Only lacking further explanation of the usage of the word.


----------



## 涼宮

Okay I will try to do easier the explanation of that sentence, it is not a proverb I just created the sentence,

We are going to suppose the sentence in the following way more literal than other thing.

'' you have to get up early'' that rule will be only given to the person who has been late for 3 weaks, noone else _just_ for those people.

It is clearer now?

Of course I would use に限り in that sentence but I was asking if I could use ならではの for that, which one of its meaning is uniquely applying to , it means something like '' it just works to/ it is only applicable to''


----------



## Wishfull

涼宮 said:


> Okay I will try to do easier the explanation of that sentence, it is not a proverb I just created the sentence,
> 
> We are going to suppose the sentence in the following way more literal than other thing.
> 
> '' you have to get up early'' that rule will be only given to the person who has been late for 3 weaks, noone else _just_ for those people.
> 
> It is clearer now?
> *OK. I got it.*
> 
> 
> Of course I would use に限り in that sentence
> *→Yes, you can.*
> 
> but I was asking if I could use ならではの for that,
> 
> *→　No, you can't. It is only for something affirmative. You don't use it for something negative as in this case.*
> 
> 
> 
> which one of its meaning is uniquely applying to , it means something like '' it just works to/ it is only applicable to''


----------



## almostfreebird

'' must get up early'' uniquely applying to the person who has been late for 3 weeks.''

You mean She's overslept and late for work these 3 weeks consecutively.
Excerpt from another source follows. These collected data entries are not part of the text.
(* There is a continuous function $f:2^{\omega}\to 2^{\omega}$ such that $f^{-1}[\{x\}]\notin I_0$ for every $x\in 2^{\omega}$. Consequently the $\sigma$-ideal $I_0$ has property (M) and does not have property (D).
   Context: $2^\omega$ is the Cantor group with coordinatewise addition modulo 2, written $\oplus$ or $+$. $I_0$ is the $\sigma$-ideal on $2^\omega$ generated by the family of all Borel sets $B\subseteq 2^\omega$ for which there is a nonempty perfect set $P\subseteq 2^\omega$ such that the sets $B\oplus x$ ($x\in P$) are pairwise disjoint; $I_0$ is translation invariant and proper. Property (M) for an ideal $I$ on a Polish space $X$: there is a Borel function $f:X\to X$ with $f^{-1}[\{x\}]\notin I$ for every $x\in X$. Property (D) for a translation-invariant ideal $I$ on a Polish abelian group $X$: there are a Borel set $B\notin I$ and a nonempty perfect set $P\subseteq X$ such that $(B+x)\cap(B+y)=\emptyset$ for all distinct $x,y\in P$. *)

theory Defs
  imports "HOL-Analysis.Analysis"
begin

type_synonym cantor = "nat \<Rightarrow> bool"

definition cadd :: "cantor \<Rightarrow> cantor \<Rightarrow> cantor" (infixl "\<oplus>\<^sub>c" 65) where
  "x \<oplus>\<^sub>c y = (\<lambda>n. x n \<noteq> y n)"

definition ctrans :: "cantor set \<Rightarrow> cantor \<Rightarrow> cantor set" where
  "ctrans B x = (\<lambda>b. b \<oplus>\<^sub>c x) ` B"

definition nonempty_perfect :: "'a::topological_space set \<Rightarrow> bool" where
  "nonempty_perfect P \<longleftrightarrow> P \<noteq> {} \<and> closed P \<and> (\<forall>x\<in>P. x islimpt P)"

definition I0_gen :: "cantor set set" where
  "I0_gen = {B \<in> sets borel. \<exists>P. nonempty_perfect P \<and>
      (\<forall>x\<in>P. \<forall>y\<in>P. x \<noteq> y \<longrightarrow> ctrans B x \<inter> ctrans B y = {})}"

definition I0 :: "cantor set set" where
  "I0 = {A. \<exists>C :: nat \<Rightarrow> cantor set. (\<forall>n. C n \<in> I0_gen) \<and> A \<subseteq> (\<Union>n. C n)}"

definition propM :: "'a::topological_space set set \<Rightarrow> bool" where
  "propM I \<longleftrightarrow> (\<exists>f :: 'a \<Rightarrow> 'a. f \<in> borel \<rightarrow>\<^sub>M borel \<and> (\<forall>x. f -` {x} \<notin> I))"

definition propD :: "cantor set set \<Rightarrow> bool" where
  "propD I \<longleftrightarrow> (\<exists>B \<in> sets borel. B \<notin> I \<and> (\<exists>P. nonempty_perfect P \<and>
      (\<forall>x\<in>P. \<forall>y\<in>P. x \<noteq> y \<longrightarrow> ctrans B x \<inter> ctrans B y = {})))"

end

theory Submission
  imports Defs
begin

text \<open>
  The witness f reads x in blocks: block k consists of 2^(k+1) sub-blocks of length k+2, indexed
  by the subsets S of {0..k}, and bit k of f x records whether one of these sub-blocks vanishes.
  Each output bit depends on finitely many input bits, so f is continuous.

  Suppose a fibre f^-1{z} were covered by generators C_n with perfect sets P_n of pairwise
  disjoint translates. For indices j coding pairs (n, N) pick distinct p_j, q_j in P_n agreeing so
  long that d_j = p_j + q_j vanishes on all blocks below j. Then Phi c = u + (sum of the d_j with
  c_j = 1) is continuous and Phi (c + e_j) = Phi c + d_j. On block k, Phi c - u only takes the
  2^(k+1) values determined by c_0, ..., c_k, while a sub-block has 2^(k+2) values, so u can be
  chosen with f (Phi c) = z for all c. The Borel sets Phi^-1 C_n cover 2^omega, so by Baire
  category one of them is comeager in some cylinder of length N; flipping a coordinate j >= N
  preserves that cylinder and meagerness, so some c and c + e_j both lie in Phi^-1 C_n. Then
  Phi c + p_j lies in both C_n + p_j and C_n + q_j.
\<close>

section \<open>Topology of the Cantor space\<close>

lemma compact_space_cantor: "compact_space (euclidean :: cantor topology)"
proof -
  have "compact_space (euclidean :: bool topology)"
    by (simp add: compact_space_def finite_imp_compact)
  then show ?thesis
    by (metis euclidean_product_topology compact_space_product_topology)
qed

lemma Hausdorff_space_cantor: "Hausdorff_space (euclidean :: cantor topology)"
proof -
  have "Hausdorff_space (euclidean :: bool topology)"
    unfolding Hausdorff_space_def disjnt_def
    by (metis Int_insert_left_if0 inf_bot_left insertCI open_discrete open_openin singleton_iff)
  then show ?thesis
    by (metis euclidean_product_topology Hausdorff_space_product_topology)
qed

lemma cantor_Baire:
  fixes \<G> :: "cantor set set"
  assumes "countable \<G>" "\<And>T. T \<in> \<G> \<Longrightarrow> closed T \<and> interior T = {}"
  shows "interior (\<Union>\<G>) = {}"
proof -
  have "euclidean interior_of \<Union>\<G> = {}"
  proof (rule Baire_category_alt)
    show "completely_metrizable_space (euclidean :: cantor topology) \<or>
        locally_compact_space (euclidean :: cantor topology) \<and> regular_space (euclidean :: cantor topology)"
      by (simp add: compact_imp_locally_compact_space compact_Hausdorff_imp_regular_space
          compact_space_cantor Hausdorff_space_cantor)
  qed (use assms in \<open>auto simp: closed_closedin[symmetric]\<close>)
  then show ?thesis
    by simp
qed

definition cylinder :: "cantor \<Rightarrow> nat \<Rightarrow> cantor set" where
  "cylinder x N = {y. \<forall>i<N. y i = x i}"

lemma cylinder_self: "x \<in> cylinder x N"
  by (simp add: cylinder_def)

lemma open_agree_on:
  fixes x :: "'i \<Rightarrow> 'a::discrete_topology"
  assumes "finite D"
  shows "open {y. \<forall>i\<in>D. y i = x i}"
  using product_topology_basis'[of D "\<lambda>i. {x i}" id] assms by (simp add: open_discrete)

lemma open_cylinder: "open (cylinder x N)"
proof -
  have "cylinder x N = {y. \<forall>i\<in>{..<N}. y i = x i}"
    by (auto simp: cylinder_def)
  then show ?thesis
    using open_agree_on[of "{..<N}" x] by simp
qed

lemma open_contains_cylinder:
  assumes "open U" "x \<in> U"
  obtains N where "cylinder x N \<subseteq> U"
proof -
  obtain V where V: "finite {i. V i \<noteq> UNIV}" "x \<in> Pi\<^sub>E UNIV V" "Pi\<^sub>E UNIV V \<subseteq> U"
    using assms unfolding open_fun_def openin_product_topology_alt by auto
  obtain N where N: "\<And>i. V i \<noteq> UNIV \<Longrightarrow> i < N"
    using finite_nat_bounded[OF V(1)] by auto
  have "cylinder x N \<subseteq> Pi\<^sub>E UNIV V"
    using V(2) N by (fastforce simp: cylinder_def PiE_iff)
  then show thesis
    using V(3) that by (meson order_trans)
qed

lemma continuous_on_finitely_determined:
  fixes g :: "('i \<Rightarrow> 'a::discrete_topology) \<Rightarrow> 'b::topological_space"
  assumes "finite D" "\<And>x y. (\<forall>i\<in>D. x i = y i) \<Longrightarrow> g x = g y"
  shows "continuous_on UNIV g"
proof -
  have "open (g -` B)" for B
  proof -
    have "g -` B = (\<Union>x\<in>g -` B. {y. \<forall>i\<in>D. y i = x i})"
      using assms(2) by auto
    moreover have "open (\<Union>x\<in>g -` B. {y. \<forall>i\<in>D. y i = x i})"
      by (intro open_UN ballI open_agree_on[OF assms(1)])
    ultimately show ?thesis
      by simp
  qed
  then show ?thesis
    by (simp add: continuous_on_open_vimage)
qed

lemma continuous_on_coordinatewise_finitely_determined:
  fixes g :: "('i \<Rightarrow> 'a::discrete_topology) \<Rightarrow> 'j \<Rightarrow> 'b::topological_space"
  assumes "\<And>y. finite (D y)" "\<And>x x' y. (\<forall>i\<in>D y. x i = x' i) \<Longrightarrow> g x y = g x' y"
  shows "continuous_on UNIV g"
  by (intro continuous_on_coordinatewise_then_product continuous_on_finitely_determined
      [OF assms(1)] assms(2))

section \<open>Meager sets\<close>

definition meager :: "'a::topological_space set \<Rightarrow> bool" where
  "meager A \<longleftrightarrow> (\<exists>\<K>. countable \<K> \<and> (\<forall>K\<in>\<K>. closed K \<and> interior K = {}) \<and> A \<subseteq> \<Union>\<K>)"

lemma meager_subset: "meager B \<Longrightarrow> A \<subseteq> B \<Longrightarrow> meager A"
  unfolding meager_def by (meson order_trans)

lemma closed_empty_interior_imp_meager: "closed K \<Longrightarrow> interior K = {} \<Longrightarrow> meager K"
  unfolding meager_def by (intro exI[of _ "{K}"]) auto

lemma meager_Un:
  assumes "meager A" "meager B"
  shows "meager (A \<union> B)"
proof -
  obtain \<K>\<^sub>A \<K>\<^sub>B where
    "countable \<K>\<^sub>A" "\<forall>K\<in>\<K>\<^sub>A. closed K \<and> interior K = {}" "A \<subseteq> \<Union>\<K>\<^sub>A"
    "countable \<K>\<^sub>B" "\<forall>K\<in>\<K>\<^sub>B. closed K \<and> interior K = {}" "B \<subseteq> \<Union>\<K>\<^sub>B"
    using assms unfolding meager_def by blast
  then show ?thesis
    unfolding meager_def by (intro exI[of _ "\<K>\<^sub>A \<union> \<K>\<^sub>B"]) auto
qed

lemma meager_UN:
  assumes "countable I" "\<And>i. i \<in> I \<Longrightarrow> meager (A i)"
  shows "meager (\<Union>i\<in>I. A i)"
proof -
  obtain \<K> where \<K>: "\<And>i. i \<in> I \<Longrightarrow>
      countable (\<K> i) \<and> (\<forall>K\<in>\<K> i. closed K \<and> interior K = {}) \<and> A i \<subseteq> \<Union>(\<K> i)"
    using assms(2) unfolding meager_def by metis
  have "countable (\<Union>i\<in>I. \<K> i)"
    using assms(1) \<K> by auto
  moreover have "\<forall>K\<in>(\<Union>i\<in>I. \<K> i). closed K \<and> interior K = {}"
    using \<K> by auto
  moreover have "(\<Union>i\<in>I. A i) \<subseteq> \<Union>(\<Union>i\<in>I. \<K> i)"
    using \<K> by fastforce
  ultimately show ?thesis
    unfolding meager_def by blast
qed

lemma meager_vimage_homeomorphism:
  assumes "homeomorphism UNIV UNIV f g" "meager A"
  shows "meager (f -` A)"
proof -
  have cont: "continuous_on UNIV f" "continuous_on UNIV g"
    and inv: "\<And>x. g (f x) = x" "\<And>y. f (g y) = y"
    using assms(1) by (auto simp: homeomorphism_def)
  have "interior (f -` K) = {}" if "interior K = {}" for K
  proof -
    have "g -` interior (f -` K) \<subseteq> interior K"
      using interior_subset[of "f -` K"] inv(2)
      by (intro interior_maximal open_vimage[OF _ cont(2)]) fastforce+
    then have "f x \<notin> g -` interior (f -` K)" for x
      using that by blast
    then show ?thesis
      using inv(1) by (metis equals0I vimageI2)
  qed
  moreover obtain \<K> where "countable \<K>" "\<forall>K\<in>\<K>. closed K \<and> interior K = {}" "A \<subseteq> \<Union>\<K>"
    using assms(2) unfolding meager_def by blast
  moreover have "f -` A \<subseteq> \<Union>(vimage f ` \<K>)"
    using \<open>A \<subseteq> \<Union>\<K>\<close> by blast
  ultimately show ?thesis
    unfolding meager_def using closed_vimage[OF _ cont(1)]
    by (intro exI[of _ "vimage f ` \<K>"]) auto
qed

lemma not_meager_open_cantor:
  fixes U :: "cantor set"
  assumes "open U" "U \<noteq> {}"
  shows "\<not> meager U"
proof
  assume "meager U"
  then obtain \<K> where \<K>: "countable \<K>" "\<And>K. K \<in> \<K> \<Longrightarrow> closed K \<and> interior K = {}"
    and "U \<subseteq> \<Union>\<K>"
    unfolding meager_def by blast
  from \<K> have "interior (\<Union>\<K>) = {}"
    by (rule cantor_Baire)
  moreover have "U \<subseteq> interior (\<Union>\<K>)"
    using \<open>U \<subseteq> \<Union>\<K>\<close> assms(1) by (rule interior_maximal)
  ultimately show False
    using assms(2) by blast
qed

definition Baire_property :: "'a::topological_space set \<Rightarrow> bool" where
  "Baire_property A \<longleftrightarrow> (\<exists>U. open U \<and> meager (sym_diff A U))"

lemma Baire_property_open: "open U \<Longrightarrow> Baire_property U"
  unfolding Baire_property_def using closed_empty_interior_imp_meager[of "{}"] by auto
She must get up early. She is so uniquely slob.


If you want to use the word "ならでは,or ならではの" anyway to describe her 

uniqueness, It's going to be like:

この　いいかげんさ(sloppiness)、ずぼらさ(laziness)　は　彼女ならではの　ふるまい　だ。

彼女ならではの　ふるまい=彼女でなくては　できない　ふるまい＝彼女しか　できない　ふるまい＝彼女だけが

できる　ふるまい＝ほかの人には　まねが　できない　ふるまい=a behavior no one but her could 

perform=a behavior which only she could perform


This sloppiness uniquely applies to her.


----------



## 涼宮

二人ともどうもありがとうございました。 I think I got the point of ならではの.

If it means something like a characteristic which is only applicable to a person or a characteristic which is common to see on that person would be right if I said this?

いつもいつも私を待たせるなんてあいつならではの普通だろう。

よろしくおねがいします


----------



## almostfreebird

涼宮 said:


> いつもいつも私を待たせるなんてあいつならではの普通だろう。




I don't know why, but this sentence makes me laugh.

It's unusual and not correct maybe, though I understand what it means.


----------



## 涼宮

I tried to express in that sentence something like:

いつも私を待たせるなんてあいつの普通の習癖だろう。
making me wait is a common bad habit on him.

But perhaps it sounded a little odd.


----------



## Wishfull

almostfreebird said:


> '' must get up early'' uniquely applying to the person who has been late for 3 weeks.''
> 
> You mean She's overslept and late for work these 3 weeks consecutively.



Thank you, almostfreebird, I finally got it. 

I thought he has been late for 3×７×２４＝504ｈｒｓ.
I thought he must be said "You're fired!" instead of "must get up early".

Anyway, he must be fired if he were a Japanese.


----------



## almostfreebird

My try:

あの人　いつもいつも私を待たせるんだから（嫌に（いやに）なっちゃう）。　
でも　それが　あの人にとって　普通なんでしょう。




"いつもいつも私を待たせるなんてあいつならではの普通だろう。"
I like this sentence whatever it is unusual(^_^)


----------



## 涼宮

ハハハ
その文は楽しいでしょうね私にも楽しいですよ。

じゃ、その文法をもう理解できました。

他の疑問をポストするつもりです。めんどうであればすみません。でも、正しい日本語を理解できるために、いい文法の慣用法、日本人に聞かなければいけません。

じゃ、ほなな～


----------



## Strutter

涼宮 said:


> 二人ともどうもありがとうございました。 I think I got the point of ならではの.
> 
> If it means something like a characteristic which is only applicable to a person or a characteristic which is common to see on that person would be right if I said this?
> 
> いつもいつも私を待たせるなんてあいつならではの普通だろう。
> 
> よろしくおねがいします


 
Hola!

I would say;
いつもいつも私を待たせるなんて、あいつならではの無神経さ(thick-skinned)だろう。

If you use "AならではのB", you must also show "what is unique to A"(in your sentence, you must show what is "普通" to あいつ)

この季節ならではの景色。
It is a scenery you can see only this season.
彼ならではの面白さ。
It is a sence of humor only he has.

Ciao~

Oh, I overlooked page 2 and discussing had been already finished ... but I would leave this.


----------



## 涼宮

Really thanks with your example you helped me more. (^_^)

ほなな～


----------